How long step 1 and step 2 takes are mostly outside of your control. It’s also an area where AWS has optimized aggressively. Over the years, this part of the cold start has improved significantly across all language runtimes. 12 months ago, this used to average around 150–200ms.

As such, module initialization (step 3) usually accounts for the bulk of cold start durations in the wild. When optimizing cold start durations, this is where you should focus on. As we’ll see later in the post, several factors can affect this initialization time and therefore the total roundtrip time for processing a request during a cold start.

When should you care about cold starts?

For many, cold starts are a non-issue because their primary workload is data processing, so spikes in latency don’t negatively impact the user experience.

Or maybe their traffic pattern is so uniform and stable that there are seldom spikes that cause a flurry of cold starts.

However, user behaviours are difficult to predict and traffic patterns can change over time. Also, even if the overall traffic confirms to a bell-curve it doesn’t mean that there are no unpredictable spikes at the individual function’s level where cold starts occur.

Which is why you should let data tell you whether or not cold starts is a problem for you, and where (as in, which functions). In the Lumigo dashboard, you can see at a glance the functions with the most cold starts. When you see functions with a high percentage of cold starts, such as the graphql-api-prod-listSports function below (with 57.36% of its invocations being cold starts), these are functions that you need to pay special attention to!

You can drill into each of these functions further and see how bad these cold starts are in terms of duration. After all, if the cold start duration is short then the cold starts have a much smaller impact on our user experience when they happen. The worst-case scenario is when the cold start duration is long and cold starts happen frequently!

Furthermore, you can set up alerts in Lumigo so you can be notified when your functions experience a high percentage of cold starts. This is a great way to keep an eye on those user-facing functions where you’re concerned about end-to-end latency. Maybe cold starts are not an issue for you today, but maybe they will be in the future if user behaviours and traffic patterns change. These alerts will tell you which functions are experiencing a high percentage of cold starts, and so you can prioritize your optimization efforts on those functions.

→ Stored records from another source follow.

lemma G_mat_code_psd:
  fixes \<tau> :: "'a \<Rightarrow> 'a \<Rightarrow> real"
  assumes K: "psd_kernel (\<lambda>s t. Phi p k (\<tau> s t))"
    and diag: "\<And>z. z \<in> C \<Longrightarrow> Phi p k (\<tau> z z) = 1"
    and C: "finite C"
    and x: "\<And>d. (\<Sum>i=1..l. x i d) = (\<Sum>(z, w)\<in>off_diag C. \<tau> z w ^ d)"
    and y: "\<And>i d. y i d = (\<Sum>z\<in>C. \<tau> z (q i) ^ d)"
  shows "psd (r + 1) (G_mat \<tau> p r q l (card C) x y k)"
proof -
  let ?F = "\<lambda>s t. Phi p k (\<tau> s t)"
  have border: "(\<Sum>d\<le>k. p k d * y i d) = (\<Sum>z\<in>C. ?F (q i) z)" for i
  proof -
    have "(\<Sum>d\<le>k. p k d * y i d) = (\<Sum>z\<in>C. ?F z (q i))"
      unfolding y Phi_def by (simp add: sum_distrib_left sum.swap[of _ C])
    then show ?thesis
      using psd_kernel_sym[OF K] by simp
  qed
  have "(\<Sum>d\<le>k. p k d * (\<Sum>i=1..l. x i d)) = (\<Sum>(z, w)\<in>off_diag C. ?F z w)"
    unfolding x Phi_def by (simp add: sum_distrib_left sum.swap[of _ "off_diag C"] case_prod_beta')
  also have "\<dots> = (\<Sum>z\<in>C. \<Sum>w\<in>C - {z}. ?F z w)"
    using C by (simp add: off_diag_eq_Sigma sum.Sigma)
  finally have corner: "card C + (\<Sum>d\<le>k. p k d * (\<Sum>i=1..l. x i d)) = (\<Sum>z\<in>C. \<Sum>w\<in>C. ?F z w)"
    using C diag by (simp add: sum.remove sum.distrib)
  have "G_mat \<tau> p r q l (card C) x y k = (\<lambda>i j.
      if i < r \<and> j < r then ?F (q (Suc i)) (q (Suc j))
      else if i < r then (\<Sum>z\<in>C. ?F (q (Suc i)) z)
      else if j < r then (\<Sum>z\<in>C. ?F (q (Suc j)) z)
      else (\<Sum>z\<in>C. \<Sum>w\<in>C. ?F z w))"
    unfolding G_mat_def border corner ..
  then show ?thesis
    using psd_kernel_bordered_psd[OF K C, of r "\<lambda>i. q (Suc i)"] by simp
qed

theorem theorem7p2:
  fixes \<tau> :: "'a \<Rightarrow> 'a \<Rightarrow> real" and \<tau>0 :: real and p :: "nat \<Rightarrow> nat \<Rightarrow> real"
    and a b :: real and m r l :: nat and q :: "nat \<Rightarrow> 'a"
    and \<alpha> \<beta> :: "nat \<Rightarrow> ereal" and \<Pi> :: "'a set" and u :: "nat \<Rightarrow> real"
    and Acon :: "real \<Rightarrow> (nat \<Rightarrow> nat \<Rightarrow> real) \<Rightarrow> bool"
  assumes tau_sym: "\<And>x y. \<tau> x y = \<tau> y x"
    and tau0: "\<And>x. \<tau> x x = \<tau>0"
    and deg: "\<And>k. p k k \<noteq> 0"
    and Phi_norm: "\<And>k. Phi p k \<tau>0 = 1"
    and Phi_psd: "\<And>k N (xs :: nat \<Rightarrow> 'a). inj_on xs {..<N} \<Longrightarrow>
                    psd N (\<lambda>i j. Phi p k (\<tau> (xs i) (xs j)))"
    and ab: "a < b"
    and m: "1 \<le> m"
    and \<alpha>\<beta>: "\<And>i. i \<in> {1..r} \<Longrightarrow> \<alpha> i \<le> \<beta> i"
    and \<Pi>: "\<Pi> \<subseteq> {x. \<forall>i\<in>{1..r}. \<alpha> i \<le> ereal (\<tau> x (q i)) \<and> ereal (\<tau> x (q i)) \<le> \<beta> i}"
    and u1: "u 1 = a" and ul: "u (l + 1) = b"
    and u_mono: "strict_mono_on {1..l + 1} u"
    and Acon: "\<And>C. S_code \<tau> ({t. \<exists>x y. t = \<tau> x y} \<inter> {a..b}) C \<Longrightarrow> C \<subseteq> \<Pi> \<Longrightarrow>
                 Acon (real (card C)) (restr l m (xcode \<tau> u l b C))"
  shows "A_max \<tau> \<Pi> ({t. \<exists>x y. t = \<tau> x y} \<inter> {a..b}) \<le> c_star \<tau> p r q \<alpha> \<beta> l u Acon m"
proof -
  let ?S = "{t. \<exists>x y. t = \<tau> x y} \<inter> {a..b}"
  have l: "1 \<le> l"
    using u1 ul ab by (cases l) auto
  have mono: "mono_on {1..l} u"
    using strict_mono_on_imp_mono_on[OF u_mono] by (rule mono_on_subset) auto
  have kernel: "psd_kernel (\<lambda>s t. Phi p k (\<tau> s t))" for k
    using Phi_psd by (simp add: psd_kernel_def)
  have "feasible \<tau> p r q \<alpha> \<beta> l u Acon m (card C) (xcode \<tau> u l b C) (\<lambda>i d. \<Sum>z\<in>C. \<tau> z (q i) ^ d)"
    if code: "S_code \<tau> ?S C" and sub: "C \<subseteq> \<Pi>" for C
  proof -
    have C: "finite C"
      using code by (simp add: S_code_def)
    have "u 1 \<le> \<tau> z w \<and> \<tau> z w \<le> b" if "(z, w) \<in> off_diag C" for z w
      using code that u1 by (auto simp: S_code_def off_diag_def)
    note sum_x = sum_xcode_bins[OF l mono C this]
    have "H_psd m (xcode \<tau> u l b C i) (ereal (u i)) (ereal (u (i + 1)))" if "i \<in> {1..l}" for i
      using that ul by (rule H_psd_xcode)
    moreover have "H_psd m (\<lambda>d. \<Sum>z\<in>C. \<tau> z (q i) ^ d) (\<alpha> i) (\<beta> i)" if "i \<in> {1..r}" for i
      using sub \<Pi> that by (intro H_psd_moments) auto
    ultimately show ?thesis
      unfolding feasible_def
      using Acon[OF code sub] G_mat_code_psd[OF kernel _ C sum_x] tau0 Phi_norm
      by auto
  qed
  then show ?thesis
    unfolding A_max_def c_star_def by (intro Sup_subset_mono) blast
qed

end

One way to eliminate cold starts altogether is to use Provisioned Concurrency, which you can read all about here. As I explained in the post, there are many caveats you need to consider when using Provisioned Concurrency and they do come with a certain amount of operational as well as cost overhead. Which is why they should be used as a last resort rather than your first step.

In most cases, it’s possible to optimize your function so that even the cold start durations fall within acceptable latency range (e.g. 99 percentile latency of 1 second). In this post, I’m going to explain the different factors that affect the cold start duration so you can formulate an optimization strategy that ACTUALLY works.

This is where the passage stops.